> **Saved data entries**
————
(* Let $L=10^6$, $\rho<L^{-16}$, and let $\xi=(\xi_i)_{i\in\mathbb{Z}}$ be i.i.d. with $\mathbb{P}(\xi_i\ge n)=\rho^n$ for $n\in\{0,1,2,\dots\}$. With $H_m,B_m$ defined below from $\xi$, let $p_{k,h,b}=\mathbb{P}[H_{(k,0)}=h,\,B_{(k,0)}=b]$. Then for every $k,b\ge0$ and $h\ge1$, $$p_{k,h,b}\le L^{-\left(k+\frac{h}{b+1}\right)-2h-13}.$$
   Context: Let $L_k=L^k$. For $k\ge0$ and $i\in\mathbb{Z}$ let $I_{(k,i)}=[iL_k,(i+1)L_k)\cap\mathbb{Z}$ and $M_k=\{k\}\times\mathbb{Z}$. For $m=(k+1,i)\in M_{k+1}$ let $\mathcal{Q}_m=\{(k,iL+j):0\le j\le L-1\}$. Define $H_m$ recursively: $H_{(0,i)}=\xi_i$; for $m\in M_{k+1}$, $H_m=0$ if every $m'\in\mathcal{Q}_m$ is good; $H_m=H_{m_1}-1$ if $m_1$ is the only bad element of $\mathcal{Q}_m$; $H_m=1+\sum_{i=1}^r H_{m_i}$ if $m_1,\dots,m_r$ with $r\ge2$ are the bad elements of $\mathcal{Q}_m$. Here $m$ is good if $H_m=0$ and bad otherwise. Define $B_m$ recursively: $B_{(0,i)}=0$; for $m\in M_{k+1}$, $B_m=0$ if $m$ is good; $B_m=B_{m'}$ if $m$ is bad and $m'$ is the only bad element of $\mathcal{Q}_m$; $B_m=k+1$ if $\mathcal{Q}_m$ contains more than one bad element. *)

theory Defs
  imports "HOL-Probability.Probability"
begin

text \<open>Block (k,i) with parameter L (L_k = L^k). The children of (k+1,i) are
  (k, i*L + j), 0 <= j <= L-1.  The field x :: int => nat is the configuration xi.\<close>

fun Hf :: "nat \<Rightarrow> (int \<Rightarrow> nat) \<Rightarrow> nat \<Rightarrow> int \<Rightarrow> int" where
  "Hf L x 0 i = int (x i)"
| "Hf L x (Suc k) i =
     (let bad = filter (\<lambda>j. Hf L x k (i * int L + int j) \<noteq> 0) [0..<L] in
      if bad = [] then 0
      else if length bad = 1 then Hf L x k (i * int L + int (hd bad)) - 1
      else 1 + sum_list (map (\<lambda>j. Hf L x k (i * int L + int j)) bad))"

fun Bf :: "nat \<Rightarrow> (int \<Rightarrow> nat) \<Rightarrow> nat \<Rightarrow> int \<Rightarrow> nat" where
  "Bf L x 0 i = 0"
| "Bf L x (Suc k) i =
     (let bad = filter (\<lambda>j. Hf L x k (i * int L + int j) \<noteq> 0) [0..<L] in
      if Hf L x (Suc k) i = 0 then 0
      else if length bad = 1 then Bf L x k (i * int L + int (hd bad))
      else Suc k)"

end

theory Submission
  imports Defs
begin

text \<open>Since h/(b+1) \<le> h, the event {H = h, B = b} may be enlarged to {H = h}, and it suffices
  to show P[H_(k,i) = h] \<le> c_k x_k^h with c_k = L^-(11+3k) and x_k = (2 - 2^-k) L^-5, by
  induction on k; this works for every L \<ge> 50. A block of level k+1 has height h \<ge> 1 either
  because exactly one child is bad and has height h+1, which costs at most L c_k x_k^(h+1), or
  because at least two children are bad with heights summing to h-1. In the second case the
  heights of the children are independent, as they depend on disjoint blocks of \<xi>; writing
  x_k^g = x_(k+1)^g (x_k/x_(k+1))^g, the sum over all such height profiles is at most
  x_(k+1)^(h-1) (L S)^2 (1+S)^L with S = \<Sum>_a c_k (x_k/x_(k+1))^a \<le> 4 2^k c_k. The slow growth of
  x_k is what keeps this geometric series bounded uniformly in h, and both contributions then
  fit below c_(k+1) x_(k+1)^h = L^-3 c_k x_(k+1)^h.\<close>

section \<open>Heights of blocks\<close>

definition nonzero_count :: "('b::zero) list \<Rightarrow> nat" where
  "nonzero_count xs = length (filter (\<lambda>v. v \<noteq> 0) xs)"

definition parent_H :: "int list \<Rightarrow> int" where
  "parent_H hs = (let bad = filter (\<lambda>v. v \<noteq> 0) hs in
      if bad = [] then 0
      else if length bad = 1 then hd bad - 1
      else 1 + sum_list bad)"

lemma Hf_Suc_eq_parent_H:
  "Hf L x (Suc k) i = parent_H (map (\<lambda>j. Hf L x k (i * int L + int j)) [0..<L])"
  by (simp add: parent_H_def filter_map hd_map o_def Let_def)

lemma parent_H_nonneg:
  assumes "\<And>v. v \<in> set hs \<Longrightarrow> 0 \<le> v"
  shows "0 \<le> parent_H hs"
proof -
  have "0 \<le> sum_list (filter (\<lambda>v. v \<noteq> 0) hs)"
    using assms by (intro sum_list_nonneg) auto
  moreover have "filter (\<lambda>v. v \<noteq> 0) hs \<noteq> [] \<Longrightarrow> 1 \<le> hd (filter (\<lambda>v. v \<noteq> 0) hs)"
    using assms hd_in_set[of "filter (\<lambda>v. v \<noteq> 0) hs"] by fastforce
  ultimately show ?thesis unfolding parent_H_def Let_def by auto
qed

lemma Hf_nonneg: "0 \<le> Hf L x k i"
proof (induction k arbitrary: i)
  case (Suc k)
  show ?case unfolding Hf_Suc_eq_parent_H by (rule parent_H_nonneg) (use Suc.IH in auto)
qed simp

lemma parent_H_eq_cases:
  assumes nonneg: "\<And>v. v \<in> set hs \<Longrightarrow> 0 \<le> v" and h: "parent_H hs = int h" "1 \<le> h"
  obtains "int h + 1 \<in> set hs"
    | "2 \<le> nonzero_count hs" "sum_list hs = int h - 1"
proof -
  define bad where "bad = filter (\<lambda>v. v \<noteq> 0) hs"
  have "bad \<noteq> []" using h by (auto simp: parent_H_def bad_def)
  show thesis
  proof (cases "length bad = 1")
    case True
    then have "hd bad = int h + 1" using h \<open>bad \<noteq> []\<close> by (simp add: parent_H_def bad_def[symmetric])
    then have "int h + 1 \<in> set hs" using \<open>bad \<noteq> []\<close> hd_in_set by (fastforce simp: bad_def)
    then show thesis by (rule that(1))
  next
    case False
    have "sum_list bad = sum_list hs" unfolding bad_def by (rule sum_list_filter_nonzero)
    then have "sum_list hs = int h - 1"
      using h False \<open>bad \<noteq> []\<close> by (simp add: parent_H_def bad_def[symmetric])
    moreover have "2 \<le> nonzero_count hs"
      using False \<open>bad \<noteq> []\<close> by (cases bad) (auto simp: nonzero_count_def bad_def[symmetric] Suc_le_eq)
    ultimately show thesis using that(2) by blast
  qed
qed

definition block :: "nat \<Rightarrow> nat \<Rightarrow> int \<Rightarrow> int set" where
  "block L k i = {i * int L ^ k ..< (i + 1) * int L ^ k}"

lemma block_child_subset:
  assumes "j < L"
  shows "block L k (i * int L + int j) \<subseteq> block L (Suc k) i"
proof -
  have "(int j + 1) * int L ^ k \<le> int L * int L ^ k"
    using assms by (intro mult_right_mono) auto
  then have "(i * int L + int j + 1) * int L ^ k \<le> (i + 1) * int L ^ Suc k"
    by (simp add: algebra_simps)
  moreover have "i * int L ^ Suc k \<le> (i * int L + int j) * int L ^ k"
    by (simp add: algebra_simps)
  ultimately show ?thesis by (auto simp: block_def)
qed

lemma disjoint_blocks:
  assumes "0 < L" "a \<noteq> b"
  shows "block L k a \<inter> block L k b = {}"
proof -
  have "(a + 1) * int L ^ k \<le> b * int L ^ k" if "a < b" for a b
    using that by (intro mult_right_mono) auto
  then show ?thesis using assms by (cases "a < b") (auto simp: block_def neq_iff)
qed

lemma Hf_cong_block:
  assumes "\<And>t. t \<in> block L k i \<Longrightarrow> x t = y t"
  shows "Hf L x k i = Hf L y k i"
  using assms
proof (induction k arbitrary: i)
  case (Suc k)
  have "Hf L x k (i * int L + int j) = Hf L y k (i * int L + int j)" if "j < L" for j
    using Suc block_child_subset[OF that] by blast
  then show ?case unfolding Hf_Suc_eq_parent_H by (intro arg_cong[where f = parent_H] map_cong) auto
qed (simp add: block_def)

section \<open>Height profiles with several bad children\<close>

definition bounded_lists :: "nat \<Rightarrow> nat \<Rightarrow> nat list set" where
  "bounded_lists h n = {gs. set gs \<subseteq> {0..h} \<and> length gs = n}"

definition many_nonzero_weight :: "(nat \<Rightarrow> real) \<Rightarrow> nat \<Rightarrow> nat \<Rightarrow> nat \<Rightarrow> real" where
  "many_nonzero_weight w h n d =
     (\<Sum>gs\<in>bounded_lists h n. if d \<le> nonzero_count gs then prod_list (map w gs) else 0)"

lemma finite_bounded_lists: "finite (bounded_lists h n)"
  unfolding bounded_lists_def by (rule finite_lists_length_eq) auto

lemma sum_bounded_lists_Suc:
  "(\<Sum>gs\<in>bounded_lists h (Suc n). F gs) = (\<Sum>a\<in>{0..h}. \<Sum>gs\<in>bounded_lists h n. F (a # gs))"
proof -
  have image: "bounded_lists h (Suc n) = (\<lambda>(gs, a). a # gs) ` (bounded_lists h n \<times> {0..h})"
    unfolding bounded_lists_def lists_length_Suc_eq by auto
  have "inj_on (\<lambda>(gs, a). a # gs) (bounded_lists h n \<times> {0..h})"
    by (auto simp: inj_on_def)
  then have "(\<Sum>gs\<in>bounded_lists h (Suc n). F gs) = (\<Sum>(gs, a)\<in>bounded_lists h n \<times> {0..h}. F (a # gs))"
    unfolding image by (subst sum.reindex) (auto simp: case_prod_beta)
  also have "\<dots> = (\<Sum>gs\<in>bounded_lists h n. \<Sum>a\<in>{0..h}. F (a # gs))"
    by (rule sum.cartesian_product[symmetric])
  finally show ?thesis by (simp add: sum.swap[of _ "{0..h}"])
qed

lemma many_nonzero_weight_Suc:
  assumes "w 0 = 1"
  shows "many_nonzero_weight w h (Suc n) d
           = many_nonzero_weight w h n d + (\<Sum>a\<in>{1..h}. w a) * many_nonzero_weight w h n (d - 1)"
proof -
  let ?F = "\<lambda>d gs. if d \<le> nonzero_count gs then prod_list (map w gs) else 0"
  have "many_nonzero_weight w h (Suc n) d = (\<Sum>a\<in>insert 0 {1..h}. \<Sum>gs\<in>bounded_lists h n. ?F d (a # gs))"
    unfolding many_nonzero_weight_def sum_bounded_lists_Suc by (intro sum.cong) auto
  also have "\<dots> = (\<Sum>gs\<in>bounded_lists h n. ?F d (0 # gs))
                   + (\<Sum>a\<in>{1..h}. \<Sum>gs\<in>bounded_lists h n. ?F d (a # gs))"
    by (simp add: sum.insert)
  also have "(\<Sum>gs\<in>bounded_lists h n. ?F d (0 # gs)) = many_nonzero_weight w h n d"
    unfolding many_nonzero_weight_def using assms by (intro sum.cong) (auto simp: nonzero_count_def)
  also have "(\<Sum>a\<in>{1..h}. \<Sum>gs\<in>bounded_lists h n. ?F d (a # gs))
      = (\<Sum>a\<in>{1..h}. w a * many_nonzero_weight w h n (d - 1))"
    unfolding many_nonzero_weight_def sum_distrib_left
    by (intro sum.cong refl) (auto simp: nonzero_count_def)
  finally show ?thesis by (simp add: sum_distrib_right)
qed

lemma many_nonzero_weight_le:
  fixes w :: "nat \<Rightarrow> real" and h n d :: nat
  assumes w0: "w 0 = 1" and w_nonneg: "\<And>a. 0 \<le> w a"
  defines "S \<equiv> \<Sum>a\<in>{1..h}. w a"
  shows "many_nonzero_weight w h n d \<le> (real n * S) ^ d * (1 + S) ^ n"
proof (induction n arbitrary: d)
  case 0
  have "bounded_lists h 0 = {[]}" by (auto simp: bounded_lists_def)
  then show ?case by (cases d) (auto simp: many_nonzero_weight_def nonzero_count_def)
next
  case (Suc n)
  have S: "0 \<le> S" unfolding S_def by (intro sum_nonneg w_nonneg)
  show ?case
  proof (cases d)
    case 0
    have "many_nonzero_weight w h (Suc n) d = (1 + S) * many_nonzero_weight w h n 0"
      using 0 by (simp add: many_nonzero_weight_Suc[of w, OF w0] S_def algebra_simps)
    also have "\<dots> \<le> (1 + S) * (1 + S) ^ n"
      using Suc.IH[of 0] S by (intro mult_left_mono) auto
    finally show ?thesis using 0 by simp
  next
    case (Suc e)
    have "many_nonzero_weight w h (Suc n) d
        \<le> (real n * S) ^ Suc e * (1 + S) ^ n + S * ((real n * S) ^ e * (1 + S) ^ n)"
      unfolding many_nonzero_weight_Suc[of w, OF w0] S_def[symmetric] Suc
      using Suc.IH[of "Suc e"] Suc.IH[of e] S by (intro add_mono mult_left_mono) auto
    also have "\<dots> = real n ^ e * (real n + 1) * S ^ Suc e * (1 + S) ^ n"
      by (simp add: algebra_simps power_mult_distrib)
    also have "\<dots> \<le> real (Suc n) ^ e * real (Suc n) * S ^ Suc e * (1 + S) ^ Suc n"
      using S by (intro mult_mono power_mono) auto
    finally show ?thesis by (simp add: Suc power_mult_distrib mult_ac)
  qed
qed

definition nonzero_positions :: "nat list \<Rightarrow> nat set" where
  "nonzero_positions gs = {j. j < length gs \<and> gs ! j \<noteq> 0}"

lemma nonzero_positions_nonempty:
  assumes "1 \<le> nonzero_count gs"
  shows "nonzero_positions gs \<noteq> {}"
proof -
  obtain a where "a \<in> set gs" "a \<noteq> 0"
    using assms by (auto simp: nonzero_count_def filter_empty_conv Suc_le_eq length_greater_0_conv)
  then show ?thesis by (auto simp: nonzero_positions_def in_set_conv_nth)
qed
————
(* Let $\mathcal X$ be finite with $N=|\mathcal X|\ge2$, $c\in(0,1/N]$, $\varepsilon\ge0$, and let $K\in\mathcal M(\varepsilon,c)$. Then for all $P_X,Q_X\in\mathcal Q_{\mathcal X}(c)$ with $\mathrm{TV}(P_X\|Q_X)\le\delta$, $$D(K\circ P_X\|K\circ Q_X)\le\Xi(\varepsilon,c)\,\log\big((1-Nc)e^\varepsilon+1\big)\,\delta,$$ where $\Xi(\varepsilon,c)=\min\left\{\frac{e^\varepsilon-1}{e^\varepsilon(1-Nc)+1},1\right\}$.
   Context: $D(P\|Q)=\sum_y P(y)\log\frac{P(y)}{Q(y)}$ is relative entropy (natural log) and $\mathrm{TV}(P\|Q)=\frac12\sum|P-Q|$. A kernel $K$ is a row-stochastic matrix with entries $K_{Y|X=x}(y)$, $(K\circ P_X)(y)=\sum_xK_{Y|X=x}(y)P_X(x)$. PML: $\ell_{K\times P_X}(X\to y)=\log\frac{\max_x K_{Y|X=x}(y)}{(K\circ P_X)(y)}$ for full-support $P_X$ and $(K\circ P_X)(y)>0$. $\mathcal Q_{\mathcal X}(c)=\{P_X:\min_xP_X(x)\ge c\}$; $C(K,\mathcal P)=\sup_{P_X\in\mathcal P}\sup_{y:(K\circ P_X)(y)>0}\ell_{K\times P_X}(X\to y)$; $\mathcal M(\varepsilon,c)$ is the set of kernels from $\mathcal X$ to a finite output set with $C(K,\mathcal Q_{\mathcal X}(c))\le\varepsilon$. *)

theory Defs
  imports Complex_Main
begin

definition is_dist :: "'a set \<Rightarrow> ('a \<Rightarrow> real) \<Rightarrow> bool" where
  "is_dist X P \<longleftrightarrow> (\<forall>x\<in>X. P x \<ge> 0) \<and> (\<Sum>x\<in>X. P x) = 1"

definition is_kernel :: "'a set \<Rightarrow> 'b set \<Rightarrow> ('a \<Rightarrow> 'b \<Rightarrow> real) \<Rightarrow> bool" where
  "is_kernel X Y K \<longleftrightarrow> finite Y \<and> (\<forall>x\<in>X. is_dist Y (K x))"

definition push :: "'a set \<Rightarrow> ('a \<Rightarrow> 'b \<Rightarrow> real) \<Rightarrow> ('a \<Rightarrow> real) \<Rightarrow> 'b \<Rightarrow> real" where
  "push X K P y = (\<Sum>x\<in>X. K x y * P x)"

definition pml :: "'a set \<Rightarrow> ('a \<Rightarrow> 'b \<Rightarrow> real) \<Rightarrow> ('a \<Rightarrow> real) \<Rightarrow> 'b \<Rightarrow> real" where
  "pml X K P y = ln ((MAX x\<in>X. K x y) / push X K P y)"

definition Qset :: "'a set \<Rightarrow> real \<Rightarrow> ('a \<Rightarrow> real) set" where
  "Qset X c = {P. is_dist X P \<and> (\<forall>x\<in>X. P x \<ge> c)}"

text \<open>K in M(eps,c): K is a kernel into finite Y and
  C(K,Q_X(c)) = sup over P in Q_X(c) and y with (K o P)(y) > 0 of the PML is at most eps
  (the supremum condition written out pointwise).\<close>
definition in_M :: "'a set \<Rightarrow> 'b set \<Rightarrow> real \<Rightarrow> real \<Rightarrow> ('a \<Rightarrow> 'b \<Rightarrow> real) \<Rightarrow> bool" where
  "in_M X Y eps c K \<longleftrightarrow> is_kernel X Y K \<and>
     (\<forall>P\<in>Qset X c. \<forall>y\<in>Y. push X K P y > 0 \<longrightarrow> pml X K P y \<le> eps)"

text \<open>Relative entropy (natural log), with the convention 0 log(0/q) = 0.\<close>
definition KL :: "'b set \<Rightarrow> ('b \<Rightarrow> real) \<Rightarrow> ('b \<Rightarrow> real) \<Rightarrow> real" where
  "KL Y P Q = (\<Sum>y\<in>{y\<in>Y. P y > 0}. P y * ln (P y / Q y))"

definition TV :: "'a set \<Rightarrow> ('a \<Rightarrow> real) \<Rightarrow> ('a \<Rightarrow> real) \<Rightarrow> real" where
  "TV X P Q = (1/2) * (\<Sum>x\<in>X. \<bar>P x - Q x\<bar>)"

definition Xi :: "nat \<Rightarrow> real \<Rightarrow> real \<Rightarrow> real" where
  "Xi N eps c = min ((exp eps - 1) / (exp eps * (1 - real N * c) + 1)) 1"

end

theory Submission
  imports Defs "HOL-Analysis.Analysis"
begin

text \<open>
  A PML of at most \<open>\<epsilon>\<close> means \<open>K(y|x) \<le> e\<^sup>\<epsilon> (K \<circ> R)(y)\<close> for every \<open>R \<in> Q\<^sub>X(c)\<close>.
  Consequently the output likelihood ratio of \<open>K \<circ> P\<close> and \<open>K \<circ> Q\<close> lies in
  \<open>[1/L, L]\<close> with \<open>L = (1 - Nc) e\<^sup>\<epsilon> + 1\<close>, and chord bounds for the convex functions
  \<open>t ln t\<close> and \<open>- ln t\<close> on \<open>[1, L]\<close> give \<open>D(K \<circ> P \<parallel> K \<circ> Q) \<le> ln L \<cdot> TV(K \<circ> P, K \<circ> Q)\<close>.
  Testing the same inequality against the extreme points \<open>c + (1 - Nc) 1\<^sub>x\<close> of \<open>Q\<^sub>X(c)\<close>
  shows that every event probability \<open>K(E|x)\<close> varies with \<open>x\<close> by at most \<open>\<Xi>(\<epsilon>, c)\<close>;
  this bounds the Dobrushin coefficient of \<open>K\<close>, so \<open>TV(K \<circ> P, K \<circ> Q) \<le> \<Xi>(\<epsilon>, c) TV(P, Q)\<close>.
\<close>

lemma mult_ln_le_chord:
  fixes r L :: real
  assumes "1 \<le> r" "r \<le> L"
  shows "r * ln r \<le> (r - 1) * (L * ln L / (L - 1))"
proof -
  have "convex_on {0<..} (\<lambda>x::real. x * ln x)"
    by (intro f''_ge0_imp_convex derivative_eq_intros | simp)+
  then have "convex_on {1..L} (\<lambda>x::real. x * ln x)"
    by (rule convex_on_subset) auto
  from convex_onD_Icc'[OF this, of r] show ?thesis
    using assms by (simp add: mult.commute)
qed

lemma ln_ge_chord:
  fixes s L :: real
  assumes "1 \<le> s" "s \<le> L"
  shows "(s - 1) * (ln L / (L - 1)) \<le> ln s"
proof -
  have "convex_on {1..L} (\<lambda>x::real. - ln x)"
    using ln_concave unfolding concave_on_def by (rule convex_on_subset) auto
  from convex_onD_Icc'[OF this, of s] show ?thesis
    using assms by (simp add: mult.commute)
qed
————
> **Exercise instructions**
Print, from the entries above, the line with "be i.i.d. with", the line with "text \<open>Block (k,i)" and all lines between them, exactly and with nothing else.

> **Written solution**
(* Let $L=10^6$, $\rho<L^{-16}$, and let $\xi=(\xi_i)_{i\in\mathbb{Z}}$ be i.i.d. with $\mathbb{P}(\xi_i\ge n)=\rho^n$ for $n\in\{0,1,2,\dots\}$. With $H_m,B_m$ defined below from $\xi$, let $p_{k,h,b}=\mathbb{P}[H_{(k,0)}=h,\,B_{(k,0)}=b]$. Then for every $k,b\ge0$ and $h\ge1$, $$p_{k,h,b}\le L^{-\left(k+\frac{h}{b+1}\right)-2h-13}.$$
   Context: Let $L_k=L^k$. For $k\ge0$ and $i\in\mathbb{Z}$ let $I_{(k,i)}=[iL_k,(i+1)L_k)\cap\mathbb{Z}$ and $M_k=\{k\}\times\mathbb{Z}$. For $m=(k+1,i)\in M_{k+1}$ let $\mathcal{Q}_m=\{(k,iL+j):0\le j\le L-1\}$. Define $H_m$ recursively: $H_{(0,i)}=\xi_i$; for $m\in M_{k+1}$, $H_m=0$ if every $m'\in\mathcal{Q}_m$ is good; $H_m=H_{m_1}-1$ if $m_1$ is the only bad element of $\mathcal{Q}_m$; $H_m=1+\sum_{i=1}^r H_{m_i}$ if $m_1,\dots,m_r$ with $r\ge2$ are the bad elements of $\mathcal{Q}_m$. Here $m$ is good if $H_m=0$ and bad otherwise. Define $B_m$ recursively: $B_{(0,i)}=0$; for $m\in M_{k+1}$, $B_m=0$ if $m$ is good; $B_m=B_{m'}$ if $m$ is bad and $m'$ is the only bad element of $\mathcal{Q}_m$; $B_m=k+1$ if $\mathcal{Q}_m$ contains more than one bad element. *)

theory Defs
  imports "HOL-Probability.Probability"
begin

text \<open>Block (k,i) with parameter L (L_k = L^k). The children of (k+1,i) are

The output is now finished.